The best part was walking through the parks, past fountains and waving pink grasses and through the studied stillness of the Japanese garden. Dogs and families, girls in ballgowns for their quinceaneras, even a tightrope-walker — everyone out to savor the cool breeze and sparkling low-humidity day.

Walking and Living

Walking and Living

As if yesterday’s post wasn’t enough of a paean to walking … here’s this, which I noticed in a day-old copy of the newspaper: “Regular walking may increase longevity, even if you walk less than the recommended amount.”

I hope I walk more than the recommended amount — but even if I didn’t these words would be heartening. The new study analyzed information from nearly 140,000 adults ages 60 and up, people who were followed for 13 years. Even those who didn’t walk the recommended two and a half hours a week still lived longer than the ones who didn’t walk at all.

Apparently, though many studies look at exercise and longevity, not that many specifically examine walking.

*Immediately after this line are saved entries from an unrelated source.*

lemma has_sum_mult_y_coeffs:
  fixes G :: "nat \<times> nat \<Rightarrow> complex"
  assumes "((\<lambda>(j, k). G (j, k) * x ^ j * y ^ Suc k) has_sum s) UNIV"
  shows "((\<lambda>(j, k). mult_y_coeffs G (j, k) * x ^ j * y ^ k) has_sum s) UNIV"
proof (rule has_sum_reindex_zero_outside)
  show "inj (\<lambda>(j, k). (j, Suc k))"
    by (auto simp: inj_def)
  show "(\<lambda>(j, k). mult_y_coeffs G (j, k) * x ^ j * y ^ k) p = 0"
    if "p \<notin> range (\<lambda>(j, k). (j, Suc k))" for p
    using that by (cases p; cases "snd p") (auto simp: mult_y_coeffs_def)
qed (use assms in \<open>simp add: mult_y_coeffs_def o_def case_prod_unfold\<close>)

lemma mult_x_coeffs_eq_mult_y_coeffs_iff:
  assumes "\<And>j. A (j, 0) = 0" and "\<And>k. B (0, k) = 0"
  shows "mult_x_coeffs A = mult_y_coeffs B \<longleftrightarrow> (\<forall>j k. A (j, Suc k) = B (Suc j, k))"
proof
  assume "mult_x_coeffs A = mult_y_coeffs B"
  then have "mult_x_coeffs A (Suc j, Suc k) = mult_y_coeffs B (Suc j, Suc k)" for j k
    by simp
  then show "\<forall>j k. A (j, Suc k) = B (Suc j, k)"
    by (simp add: mult_x_coeffs_def mult_y_coeffs_def)
next
  assume "\<forall>j k. A (j, Suc k) = B (Suc j, k)"
  then show "mult_x_coeffs A = mult_y_coeffs B"
    using assms
    by (auto simp: fun_eq_iff mult_x_coeffs_def mult_y_coeffs_def gr0_conv_Suc not0_implies_Suc)
qed

definition qdiff_lhs ::
  "complex \<Rightarrow> complex \<Rightarrow> complex \<Rightarrow> (complex \<Rightarrow> complex \<Rightarrow> complex) \<Rightarrow> complex \<Rightarrow> complex \<Rightarrow> complex"
where
  "qdiff_lhs Q d e F x y =
     x * (F (x*Q) y - F (x*Q) (y*Q)
          - (d + e) / Q * (F (x*Q) (y*Q) - F (x*Q) (y*Q^2))
          + d * e / Q^2 * (F (x*Q) (y*Q^2) - F (x*Q) (y*Q^3)))"

definition qdiff_rhs :: "complex \<Rightarrow> complex \<Rightarrow> complex \<Rightarrow> complex \<Rightarrow>
    (complex \<Rightarrow> complex \<Rightarrow> complex) \<Rightarrow> complex \<Rightarrow> complex \<Rightarrow> complex"
where
  "qdiff_rhs Q a b c F x y =
     y * ((F (x*Q) (y*Q) - F x (y*Q))
          - (a + b + c) * (F (x*Q) (y*Q^2) - F x (y*Q^2))
          + (a*b + a*c + b*c) * (F (x*Q) (y*Q^3) - F x (y*Q^3))
          - a*b*c * (F (x*Q) (y*Q^4) - F x (y*Q^4)))"

definition qdiff_lhs_symbol :: "complex \<Rightarrow> complex \<Rightarrow> complex \<Rightarrow> nat \<Rightarrow> complex" where
  "qdiff_lhs_symbol Q d e k = (1 - Q ^ k) * (1 - d * Q ^ k / Q) * (1 - e * Q ^ k / Q)"

definition qdiff_rhs_symbol :: "complex \<Rightarrow> complex \<Rightarrow> complex \<Rightarrow> complex \<Rightarrow> nat \<Rightarrow> nat \<Rightarrow> complex" where
  "qdiff_rhs_symbol Q a b c j k =
     (Q ^ j - 1) * Q ^ k * (1 - a * Q ^ k) * (1 - b * Q ^ k) * (1 - c * Q ^ k)"

lemma qdiff_lhs_monomial:
  assumes "Q \<noteq> 0"
  shows "qdiff_lhs Q d e (\<lambda>x y. x ^ j * y ^ k) x y =
    Q ^ j * qdiff_lhs_symbol Q d e k * x ^ Suc j * y ^ k"
proof -
  define v where "v = Q ^ k"
  have "(y * Q ^ m) ^ k = y ^ k * v ^ m" for m
    by (simp add: v_def power_mult_distrib mult.commute flip: power_mult)
  then show ?thesis
    using assms
    by (simp add: qdiff_lhs_def qdiff_lhs_symbol_def power_mult_distrib v_def[symmetric]
        field_simps power2_eq_square power3_eq_cube)
qed

lemma qdiff_rhs_monomial:
  "qdiff_rhs Q a b c (\<lambda>x y. x ^ j * y ^ k) x y =
    qdiff_rhs_symbol Q a b c j k * x ^ j * y ^ Suc k"
proof -
  define v where "v = Q ^ k"
  have "(y * Q ^ m) ^ k = y ^ k * v ^ m" for m
    by (simp add: v_def power_mult_distrib mult.commute flip: power_mult)
  then show ?thesis
    by (simp add: qdiff_rhs_def qdiff_rhs_symbol_def power_mult_distrib v_def[symmetric]
        algebra_simps power2_eq_square power3_eq_cube power4_eq_xxxx)
qed

lemma norm_mult_power_less:
  fixes z Q :: "'a::real_normed_div_algebra"
  assumes "norm z < r" and "norm Q \<le> 1"
  shows "norm (z * Q ^ m) < r"
proof -
  have "norm (z * Q ^ m) \<le> norm z"
    using assms(2) by (simp add: norm_mult norm_power mult_left_le power_le_one)
  with assms(1) show ?thesis
    by linarith
qed

lemma has_power_series2_qdiff_lhs:
  assumes F: "has_power_series2 F G r" and Q: "Q \<noteq> 0" "norm Q \<le> 1"
  shows "has_power_series2 (qdiff_lhs Q d e F)
    (mult_x_coeffs (\<lambda>(j, k). Q ^ j * qdiff_lhs_symbol Q d e k * G (j, k))) r"
  unfolding has_power_series2_def
proof (intro allI impI)
  fix x y :: complex
  assume xy: "norm x < r" "norm y < r"
  note F' = F[unfolded has_power_series2_def, rule_format]
  have xQ: "norm (x * Q) < r" and yQ: "norm (y * Q) < r"
    using norm_mult_power_less[OF _ Q(2), of _ r 1] xy by simp_all
  have "((\<lambda>(j, k). G (j, k) * qdiff_lhs Q d e (\<lambda>x y. x ^ j * y ^ k) x y)
      has_sum qdiff_lhs Q d e F x y) UNIV"
    unfolding qdiff_lhs_def[of _ _ _ F]
    by (rule has_sum_cong[THEN iffD1, rotated],
        (rule has_sum_cmult_right has_sum_add has_sum_diff F' xQ yQ xy norm_mult_power_less Q)+)
       (auto simp: qdiff_lhs_def algebra_simps diff_divide_distrib add_divide_distrib)
  then have "((\<lambda>(j, k). (Q ^ j * qdiff_lhs_symbol Q d e k * G (j, k)) * x ^ Suc j * y ^ k)
      has_sum qdiff_lhs Q d e F x y) UNIV"
    by (simp add: qdiff_lhs_monomial[OF Q(1)] case_prod_unfold mult_ac)
  then show "((\<lambda>(j, k). mult_x_coeffs (\<lambda>(j, k). Q ^ j * qdiff_lhs_symbol Q d e k * G (j, k)) (j, k)
      * x ^ j * y ^ k) has_sum qdiff_lhs Q d e F x y) UNIV"
    using has_sum_mult_x_coeffs[of "\<lambda>(j, k). Q ^ j * qdiff_lhs_symbol Q d e k * G (j, k)"]
    by simp
qed

lemma has_power_series2_qdiff_rhs:
  assumes F: "has_power_series2 F G r" and Q: "norm Q \<le> 1"
  shows "has_power_series2 (qdiff_rhs Q a b c F)
    (mult_y_coeffs (\<lambda>(j, k). qdiff_rhs_symbol Q a b c j k * G (j, k))) r"
  unfolding has_power_series2_def
proof (intro allI impI)
  fix x y :: complex
  assume xy: "norm x < r" "norm y < r"
  note F' = F[unfolded has_power_series2_def, rule_format]
  have xQ: "norm (x * Q) < r" and yQ: "norm (y * Q) < r"
    using norm_mult_power_less[OF _ Q, of _ r 1] xy by simp_all
  have "((\<lambda>(j, k). G (j, k) * qdiff_rhs Q a b c (\<lambda>x y. x ^ j * y ^ k) x y)
      has_sum qdiff_rhs Q a b c F x y) UNIV"
    unfolding qdiff_rhs_def[of _ _ _ _ F]
    by (rule has_sum_cong[THEN iffD1, rotated],
        (rule has_sum_cmult_right has_sum_add has_sum_diff F' xQ yQ xy norm_mult_power_less Q)+)
       (auto simp: qdiff_rhs_def algebra_simps)
  then have "((\<lambda>(j, k). (qdiff_rhs_symbol Q a b c j k * G (j, k)) * x ^ j * y ^ Suc k)
      has_sum qdiff_rhs Q a b c F x y) UNIV"
    by (simp add: qdiff_rhs_monomial case_prod_unfold mult_ac)
  then show "((\<lambda>(j, k). mult_y_coeffs (\<lambda>(j, k). qdiff_rhs_symbol Q a b c j k * G (j, k)) (j, k)
      * x ^ j * y ^ k) has_sum qdiff_rhs Q a b c F x y) UNIV"
    using has_sum_mult_y_coeffs[of "\<lambda>(j, k). qdiff_rhs_symbol Q a b c j k * G (j, k)"]
    by simp
qed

So although this seems like a no-brainer … it isn’t. And there’s more: Those who walk from two and a half to five hours a week were 20 percent less likely to die of any cause and 30 percent less likely to die of a respiratory ailment. Which raises a question: Could those who walk 10 or more hours a week become … immortal?

I’m getting a bit carried away here, but one thing is certain. Walking doesn’t just clear the mind and inspire the spirit … it actually keeps us going longer. I can live with that!

Pep Walk

Pep Walk

I love the pep talk, whether getting or giving. Those first minutes and hours afterward, lifted on a thin layer of inspiration that I know won’t last but feels permanent at the time, a high born of words and gestures, of understandings suddenly grasped.

But when there’s no one around for a pep talk, a pep walk will do.

A pep walk begins in desolation. The article you’re writing has no focus, the words are cliches. The work load is too heavy, no one can juggle this many projects. The child you raised is having troubles; she’s an adult now but when she hurts, you do too.

The reasons are legion, but the remedy is the same. Lace up the shoes, grab the earbuds, step outside. It’s a whole new world out there. Other people and their problems. Maybe the problems get all jumbled together and cancel each other out. Or maybe it’s just the act of walking, one foot then the other. Forward motion, with all that that implies.

All I know is, the pep walk works. It bolsters spirits, reveals solutions. It inspires.